_EXERCISE_
Every line below from the one containing "finally show ?thesis using pos_L" to the final line must be reproduced exactly, and no other line may appear in the answer.

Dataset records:
************
text \<open>\<open>\<surd>L\<close> and \<open>\<surd>R\<close> are the block operators of the blockwise square roots, so their
  difference is the block operator with coefficients \<open>sqrt_gap_diag\<close> and \<open>sqrt_gap_off\<close>.\<close>

lemma semi_hyponormal_iff_blocks_psd:
  assumes psd_L: "blocks_psd antidiag_pair (L_diag al be) (L_off al be)"
  shows "semi_hyponormal (shift1 al) (shift2 be) \<longleftrightarrow>
    blocks_psd antidiag_pair (sqrt_gap_diag al be) (sqrt_gap_off al be)"
proof -
  let ?p = antidiag_pair
  let ?L = "opmat (adj (shift1 al) \<circ> shift1 al) (adj (shift2 be) \<circ> shift1 al)
                (adj (shift1 al) \<circ> shift2 be) (adj (shift2 be) \<circ> shift2 be)"
  let ?R = "opmat (shift1 al \<circ> adj (shift1 al)) (shift1 al \<circ> adj (shift2 be))
                (shift2 be \<circ> adj (shift1 al)) (shift2 be \<circ> adj (shift2 be))"
  let ?dL = "block_sqrt_diag ?p (L_diag al be) (L_off al be)"
  let ?cL = "block_sqrt_off ?p (L_diag al be) (L_off al be)"
  let ?dR = "block_sqrt_diag ?p (R_diag al be) (R_off al be)"
  let ?cR = "block_sqrt_off ?p (R_diag al be) (R_off al be)"
  note p = involution_antidiag_pair
  note bounded = bounded_block_coeffs[OF al be]
  have pos_L: "positive_op ?L"
    using positive_op_cong[of ?L, OF opmat_L_eq_block_op]
      positive_block_op_iff[OF p bounded(1,2) symmetric_offdiag_L_off] psd_L by simp
  have sqrt_L: "op_sqrt ?L = (\<lambda>f. if f \<in> ell2 then block_op ?p ?dL ?cL f else (\<lambda>_. 0))"
    by (rule op_sqrt_block_op[OF p symmetric_offdiag_L_off psd_L bounded(1) opmat_L_eq_block_op])
  have sqrt_R: "op_sqrt ?R = (\<lambda>f. if f \<in> ell2 then block_op ?p ?dR ?cR f else (\<lambda>_. 0))"
    by (rule op_sqrt_block_op[OF p symmetric_offdiag_R_off blocks_psd_R bounded(3) opmat_R_eq_block_op])
  have "op_le (op_sqrt ?R) (op_sqrt ?L) \<longleftrightarrow>
      positive_op (block_op ?p (\<lambda>j. ?dL j - ?dR j) (\<lambda>j. ?cL j - ?cR j))"
    unfolding op_le_def sqrt_L sqrt_R by (intro positive_op_cong) (simp add: block_op_diff)
  also have "\<dots> \<longleftrightarrow> blocks_psd ?p (\<lambda>j. ?dL j - ?dR j) (\<lambda>j. ?cL j - ?cR j)"
  proof (rule positive_block_op_iff[OF p])
    note L = bounded_block_sqrt[OF p symmetric_offdiag_L_off psd_L bounded(1)]
    note R = bounded_block_sqrt[OF p symmetric_offdiag_R_off blocks_psd_R bounded(3)]
    show "bounded (range (\<lambda>j. ?dL j - ?dR j))" using bounded_minus_comp[OF L(1) R(1)] .
    show "bounded (range (\<lambda>j. ?cL j - ?cR j))" using bounded_minus_comp[OF L(2) R(2)] .
    show "symmetric_offdiag ?p (\<lambda>j. ?cL j - ?cR j)"
      using symmetric_offdiag_block_sqrt[OF p symmetric_offdiag_L_off]
        symmetric_offdiag_block_sqrt[OF p symmetric_offdiag_R_off]
      by (simp add: symmetric_offdiag_def)
  qed
  finally show ?thesis using pos_L
    unfolding semi_hyponormal_def Let_def sqrt_gap_diag_def[abs_def] sqrt_gap_off_def[abs_def] by simp
qed

end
************
_ANSWER FOR THIS EXERCISE_
  finally show ?thesis using pos_L
    unfolding semi_hyponormal_def Let_def sqrt_gap_diag_def[abs_def] sqrt_gap_off_def[abs_def] by simp
qed

end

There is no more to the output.